# Mystery Fish



## virginia boy 1 (May 8, 2003)

Caught this catfish yesterday. Never seen one like it before. It was the same color as a blue cat, but was shorter and fatter with a bigger head. It also had shorter fins/spines and a huge mouth. The little bugger also stayed alive in the cooler for about 18hrs.
It's not a blue, channel, white or bullhead, as i have looked all of them up.

ANY IDEAS?


----------



## virginia boy 1 (May 8, 2003)

great. wtf? red X's.....wtf


----------



## jhmorgan (May 16, 2007)

Come on VA Boy, I have faith in you with these pics....


----------



## MetroMan (Mar 7, 2009)

Assist for the catastrophic failure LOL!!


----------



## virginia boy 1 (May 8, 2003)

the pic king has been dethroned. thanks for the assist Metro.


----------



## cobiacatcher (Feb 9, 2009)

could be some sort of a hybrid


----------



## UOPaul (Apr 14, 2008)

I am not trying to start any moral debate here. But honestly if you did not know for a fact what it was, you should not have kept it. How do you know it is not some breed with strict limits on size? 
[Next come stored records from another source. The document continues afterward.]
text \<open>
  The weight distributes mass \<open>q\<close> uniformly over the avoided residues (and uniformly
  over all residues if there is none), so that it is a fibrewise density as above.
\<close>

definition avoids_residue :: "nat \<Rightarrow> (int \<Rightarrow> bool) \<Rightarrow> nat \<Rightarrow> bool" where
  "avoids_residue q y z \<longleftrightarrow> (\<forall>n. int q dvd n + int z \<longrightarrow> \<not> y n)"

definition avoided_count :: "nat \<Rightarrow> (int \<Rightarrow> bool) \<Rightarrow> nat" where
  "avoided_count q y = (\<Sum>z<q. if avoids_residue q y z then 1 else 0)"

definition residue_weight :: "nat \<Rightarrow> (int \<Rightarrow> bool) \<Rightarrow> nat \<Rightarrow> real" where
  "residue_weight q y z =
     (if avoided_count q y = 0 then 1
      else if avoids_residue q y z then real q / real (avoided_count q y) else 0)"

lemma avoids_residue_mod: "avoids_residue q y (z mod q) \<longleftrightarrow> avoids_residue q y z"
proof -
  have "int z = int (z mod q) + int q * int (z div q)"
    by (metis of_nat_add of_nat_mult mod_mult_div_eq)
  then have "int q dvd n + int (z mod q) \<longleftrightarrow> int q dvd n + int z" for n
    by (metis add.assoc dvd_add_left_iff dvd_triv_left)
  then show ?thesis unfolding avoids_residue_def by simp
qed

lemma avoids_residue_shift: "avoids_residue q (shift y) (rot q z) \<longleftrightarrow> avoids_residue q y z"
proof -
  have shift_index: "(\<forall>n::int. P (n + 1)) \<longleftrightarrow> (\<forall>n. P n)" for P
    by (metis diff_add_cancel)
  have "avoids_residue q (shift y) (Suc z)
      \<longleftrightarrow> (\<forall>n. int q dvd (n + 1) + int z \<longrightarrow> \<not> y (n + 1))"
    unfolding avoids_residue_def shift_def by (simp add: algebra_simps)
  also have "\<dots> \<longleftrightarrow> avoids_residue q y z"
    unfolding avoids_residue_def by (rule shift_index)
  finally show ?thesis by (simp add: rot_def avoids_residue_mod)
qed

lemma avoided_count_shift:
  assumes q: "0 < q" shows "avoided_count q (shift y) = avoided_count q y"
proof -
  have "avoided_count q (shift y) = (\<Sum>z<q. if avoids_residue q (shift y) (rot q z) then 1 else 0)"
    unfolding avoided_count_def by (rule sum.reindex_bij_betw[OF bij_rot[OF q], symmetric])
  then show ?thesis by (simp add: avoids_residue_shift avoided_count_def)
qed

lemma residue_weight_shift:
  "0 < q \<Longrightarrow> residue_weight q (shift y) (rot q z) = residue_weight q y z"
  by (simp add: residue_weight_def avoided_count_shift avoids_residue_shift)

lemma residue_weight_nonneg: "0 \<le> residue_weight q y z"
  by (simp add: residue_weight_def)

lemma sum_residue_weight: "0 < q \<Longrightarrow> (\<Sum>z<q. residue_weight q y z) = real q"
proof (cases "avoided_count q y = 0")
  case False
  have "(\<Sum>z<q. residue_weight q y z)
      = (\<Sum>z<q. real (if avoids_residue q y z then 1 else 0)) * (real q / real (avoided_count q y))"
    unfolding sum_distrib_right using False by (intro sum.cong) (auto simp: residue_weight_def)
  also have "\<dots> = real (avoided_count q y) * (real q / real (avoided_count q y))"
    by (simp only: avoided_count_def of_nat_sum)
  finally show ?thesis using False by simp
qed (simp add: residue_weight_def)

lemma sum_residue_weight_ennreal:
  "0 < q \<Longrightarrow> (\<Sum>z<q. ennreal (residue_weight q y z)) = of_nat q"
  by (simp add: residue_weight_nonneg sum_residue_weight ennreal_of_nat_eq_real_of_nat)

lemma measurable_coordinate[measurable]: "Measurable.pred shift_space (\<lambda>y. y n)"
  unfolding shift_space_def by (rule measurable_component_singleton) simp

lemma measurable_avoids_residue[measurable]:
  "Measurable.pred shift_space (\<lambda>y. avoids_residue q y z)"
  unfolding avoids_residue_def by measurable

lemma measurable_residue_weight:
  assumes M: "sets M = sets shift_space"
  shows "(\<lambda>p. ennreal (residue_weight q (fst p) (snd p))) \<in> borel_measurable (M \<Otimes>\<^sub>M cyclic_space q)"
proof (rule measurable_compose_countable[where f="\<lambda>z p. ennreal (residue_weight q (fst p) z)",
      OF _ measurable_snd_cyclic_space])
  fix z
  have "(\<lambda>y. residue_weight q y z) \<in> borel_measurable M"
    unfolding measurable_cong_sets[OF M refl] residue_weight_def avoided_count_def by measurable
  then show "(\<lambda>p. ennreal (residue_weight q (fst p) z)) \<in> borel_measurable (M \<Otimes>\<^sub>M cyclic_space q)"
    by measurable
qed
Anyway, I think it is just a channel cat that eats too much.


----------



## Newsjeff (Jul 22, 2004)

Channel cat, IMHO.


----------



## chris storrs (Aug 25, 2005)

looks like a fat blue to me....


----------



## chris storrs (Aug 25, 2005)

or channel like nj said..never been good at dstinguishing tween the two...can count the fin rays if ya wana get scientific..i never cared enough


----------



## Newsjeff (Jul 22, 2004)

I can tell best by looking at the tail.

But no good tail shot in them pics.

Those small spots on the body are another indication it's a channel.

But I'm no expert.


----------



## drawinout (May 11, 2008)

I was thinking channel cat as well. I'm not a catfish expert, but I caught tons of them on the Perquimans river when I was a kid... Would catch them every night from around 3 to 15 pounds.. Whatever we were catching, it was the same thing you have on that table, and we called them channel cats....... I'd be interested to know what it is if it's a different species..


----------



## sirstreet (Dec 11, 2008)

looks like a blue count the rays(spines) on the anal fin.30 or more she's a blue


----------



## sirstreet (Dec 11, 2008)

sirstreet said:


> looks like a blue count the rays(spines) on the anal fin.30 or more she's a blue


better yet i may be wrong again cout the anal fins spines.It may be a white catfish
fin rays
19-23 white
30 or more blue
24-29 channel
17-21 black bull

lets us know


----------



## jhmorgan (May 16, 2007)

Im going with: catfish


----------



## Rolo (Nov 6, 2008)

It looks a like a Black Bullhead. It is hard to tell from the photos.

Rolo


----------



## redgrappler (Nov 18, 2005)

No doubt. I looked it up on the marine biology guide. It's a kitten-fish. Or a midget-cat.


----------



## virginia boy 1 (May 8, 2003)

being as it's in the trash right now(minus 2 fillets)....I'm debating whether to dig it out and count the anal fin rays.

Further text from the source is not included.